Open codynhat opened 3 years ago
@gravenp Have you done much thinking about what the actual tax rate should be? Or a methodology for figuring out what it should be?
The basic tradeoff to think about is investment efficiency vs. allocative efficiency. A 0% tax (today's world) leads to 100% investment efficiency. You invest in property and you can capture all the value by selling it for the new appreciated price. A 100% tax means no incentive to improve property (you have to raise your self-assessed price and get taxed 100%), but the property always goes to the individual willing to pay the highest tax this year (=allocation efficiency).

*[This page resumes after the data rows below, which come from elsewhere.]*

(* There is no quadratical quasigroup $(Q,\cdot)$ containing two distinct elements $a,b$ such that $Q=\{aba\}\cup H1\cup H2\cup H3\cup H4\cup H5\cup H6$ with the six sets $H1,\dots,H6$ pairwise disjoint (equivalently, with $|Q|=25$).
   Context: A quadratical quasigroup is a quasigroup $(Q,\cdot)$ satisfying $xy\cdot x=zx\cdot yz$ for all $x,y,z\in Q$; equivalently, a groupoid satisfying $x\cdot x=x$, $yx\cdot xy=x$ and $xy\cdot zw=xz\cdot yw$ for all $x,y,z,w$. For distinct $a,b\in Q$ write $aba=ab\cdot a$ and define elements $[t,k]$ (written $tk$), $t\geq 1$, $k\in\{1,2,3,4\}$, by $11=a$, $12=ab$, $13=ba$, $14=b$, and for $n\geq 2$: $n1=(n-1)1\cdot(n-1)2$, $n2=(n-1)2\cdot(n-1)4$, $n3=(n-1)3\cdot(n-1)1$, $n4=(n-1)4\cdot(n-1)3$. Put $Ht=\{t1,t2,t3,t4\}$. *)

theory Defs
  imports Main
begin

definition quasigroup :: "'a set \<Rightarrow> ('a \<Rightarrow> 'a \<Rightarrow> 'a) \<Rightarrow> bool" where
  "quasigroup Q m \<longleftrightarrow>
     (\<forall>x\<in>Q. \<forall>y\<in>Q. m x y \<in> Q) \<and>
     (\<forall>a\<in>Q. \<forall>b\<in>Q. (\<exists>!x. x \<in> Q \<and> m a x = b) \<and> (\<exists>!y. y \<in> Q \<and> m y a = b))"

definition quadratical_quasigroup :: "'a set \<Rightarrow> ('a \<Rightarrow> 'a \<Rightarrow> 'a) \<Rightarrow> bool" where
  "quadratical_quasigroup Q m \<longleftrightarrow> quasigroup Q m \<and>
     (\<forall>x\<in>Q. \<forall>y\<in>Q. \<forall>z\<in>Q. m (m x y) x = m (m z x) (m y z))"

text \<open>hquad m a b n = ([n+1]1, [n+1]2, [n+1]3, [n+1]4).\<close>
fun hquad :: "('a \<Rightarrow> 'a \<Rightarrow> 'a) \<Rightarrow> 'a \<Rightarrow> 'a \<Rightarrow> nat \<Rightarrow> 'a \<times> 'a \<times> 'a \<times> 'a" where
  "hquad m a b 0 = (a, m a b, m b a, b)"
| "hquad m a b (Suc n) =
     (case hquad m a b n of (x1, x2, x3, x4) \<Rightarrow> (m x1 x2, m x2 x4, m x3 x1, m x4 x3))"

definition Hset :: "('a \<Rightarrow> 'a \<Rightarrow> 'a) \<Rightarrow> 'a \<Rightarrow> 'a \<Rightarrow> nat \<Rightarrow> 'a set" where
  "Hset m a b t = (case hquad m a b (t - 1) of (x1, x2, x3, x4) \<Rightarrow> {x1, x2, x3, x4})"

end

theory Submission
  imports Defs "HOL-Algebra.FiniteProduct"
begin

(* A quadratical quasigroup is affine over an abelian group (Toyoda-Bruck): with c = aba as zero
   and x + y = (x/c)(c\y), the maps R x = xc and L x = cx are commuting automorphisms and
   xy = R x + L y.  The equation c = ab.a forces a = -b, and then ab = -Jb and ba = Jb for
   J = R L^-1, which satisfies J^2 = -1; so everything generated by a and b has the form p b + q Jb.

   R maps H(n+1) onto Hn.  If aba and six disjoint quadruples make up Q, then R a cannot lie in
   H1, ..., H5 (else a would lie in a later quadruple besides H1), so R a is in H6, whose elements
   are (+-4) b + (+-4) Jb; hence a is one of +-8b, +-8Jb.  As |Q| = 25 kills b and Jb, each case
   gives b = 0 or puts ba into H3, contradicting the disjointness of H1 and H3. *)

locale quadratical =
  fixes Q :: "'a set" and m :: "'a \<Rightarrow> 'a \<Rightarrow> 'a"
  assumes quadratical: "quadratical_quasigroup Q m"
begin

lemma mult_closed [simp, intro]: "x \<in> Q \<Longrightarrow> y \<in> Q \<Longrightarrow> m x y \<in> Q"
  using quadratical unfolding quadratical_quasigroup_def quasigroup_def by simp

lemma left_div_ex1: "x \<in> Q \<Longrightarrow> y \<in> Q \<Longrightarrow> \<exists>!z. z \<in> Q \<and> m x z = y"
  using quadratical unfolding quadratical_quasigroup_def quasigroup_def by simp

lemma right_div_ex1: "x \<in> Q \<Longrightarrow> y \<in> Q \<Longrightarrow> \<exists>!z. z \<in> Q \<and> m z x = y"
  using quadratical unfolding quadratical_quasigroup_def quasigroup_def by simp

lemma left_cancel: "z \<in> Q \<Longrightarrow> x \<in> Q \<Longrightarrow> y \<in> Q \<Longrightarrow> m z x = m z y \<Longrightarrow> x = y"
  using left_div_ex1[of z "m z x"] by (metis mult_closed)

lemma right_cancel: "z \<in> Q \<Longrightarrow> x \<in> Q \<Longrightarrow> y \<in> Q \<Longrightarrow> m x z = m y z \<Longrightarrow> x = y"
  using right_div_ex1[of z "m x z"] by (metis mult_closed)

lemma quadratical_law:
  "x \<in> Q \<Longrightarrow> y \<in> Q \<Longrightarrow> z \<in> Q \<Longrightarrow> m (m x y) x = m (m z x) (m y z)"
  using quadratical unfolding quadratical_quasigroup_def by blast

lemma idem [simp]: "x \<in> Q \<Longrightarrow> m x x = x"
proof -
  assume x: "x \<in> Q"
  have "m (m x x) x = m (m x x) (m x x)" using quadratical_law[OF x x x] .
  then show ?thesis using left_cancel[of "m x x" x "m x x"] x by auto
qed

lemma swapped_products: "x \<in> Q \<Longrightarrow> z \<in> Q \<Longrightarrow> m (m z x) (m x z) = x"
  using quadratical_law[of x x z] by simp

lemma medial:
  "x \<in> Q \<Longrightarrow> y \<in> Q \<Longrightarrow> z \<in> Q \<Longrightarrow> w \<in> Q \<Longrightarrow> m (m x y) (m z w) = m (m x z) (m y w)"
  by (smt (verit, ccfv_SIG) quadratical_law idem mult_closed)

end

section \<open>The abelian group of a quadratical quasigroup\<close>

locale quadratical_pointed = quadratical +
  fixes c :: 'a
  assumes c_in [simp]: "c \<in> Q"
begin

definition R :: "'a \<Rightarrow> 'a" where "R x = m x c"
definition L :: "'a \<Rightarrow> 'a" where "L x = m c x"

lemma bij_R: "bij_betw R Q Q"
proof (rule bij_betw_imageI)
  show "inj_on R Q" unfolding inj_on_def R_def using right_cancel[of c] by simp
  show "R ` Q = Q"
  proof
    show "Q \<subseteq> R ` Q" unfolding R_def using right_div_ex1[of c] by (metis c_in image_eqI subsetI)
  qed (auto simp: R_def)
qed

lemma bij_L: "bij_betw L Q Q"
proof (rule bij_betw_imageI)
  show "inj_on L Q" unfolding inj_on_def L_def using left_cancel[of c] by simp
  show "L ` Q = Q"
  proof
    show "Q \<subseteq> L ` Q" unfolding L_def using left_div_ex1[of c] by (metis c_in image_eqI subsetI)
  qed (auto simp: L_def)
qed

definition Rinv :: "'a \<Rightarrow> 'a" where "Rinv = the_inv_into Q R"
definition Linv :: "'a \<Rightarrow> 'a" where "Linv = the_inv_into Q L"

lemma R_closed [simp]: "x \<in> Q \<Longrightarrow> R x \<in> Q" by (simp add: R_def)
lemma L_closed [simp]: "x \<in> Q \<Longrightarrow> L x \<in> Q" by (simp add: L_def)

lemma Rinv_closed [simp]: "x \<in> Q \<Longrightarrow> Rinv x \<in> Q"
  using bij_betwE[OF bij_betw_the_inv_into[OF bij_R]] by (simp add: Rinv_def)
lemma Linv_closed [simp]: "x \<in> Q \<Longrightarrow> Linv x \<in> Q"
  using bij_betwE[OF bij_betw_the_inv_into[OF bij_L]] by (simp add: Linv_def)

lemma R_Rinv [simp]: "x \<in> Q \<Longrightarrow> R (Rinv x) = x"
  using bij_R by (simp add: Rinv_def f_the_inv_into_f_bij_betw)
lemma L_Linv [simp]: "x \<in> Q \<Longrightarrow> L (Linv x) = x"
  using bij_L by (simp add: Linv_def f_the_inv_into_f_bij_betw)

In Radical Markets, they propose 7% as a starting point for physical real estate. We're trying to reflect that market on the Geo Web (at least in ownership for the most part), so I figured we'd start there.
Two thoughts on why we might adjust that higher (after more rigorous study):
1) Investment in digital real estate isn't the same as physical real estate. Investments are going to be more mobile (they're digital), but not entirely reusable (e.g. integrated content designed for a physical space; the buyer is only getting the land, not the content). 2) Higher tax rates are more punitive for squatters and lead to a more liquid market.
Flat tax rate for all land parcels. What is the tax rate?
Vitalik + Radical Markets mentions the tax rate being equal to the chance per year that the property gets sold is optimal.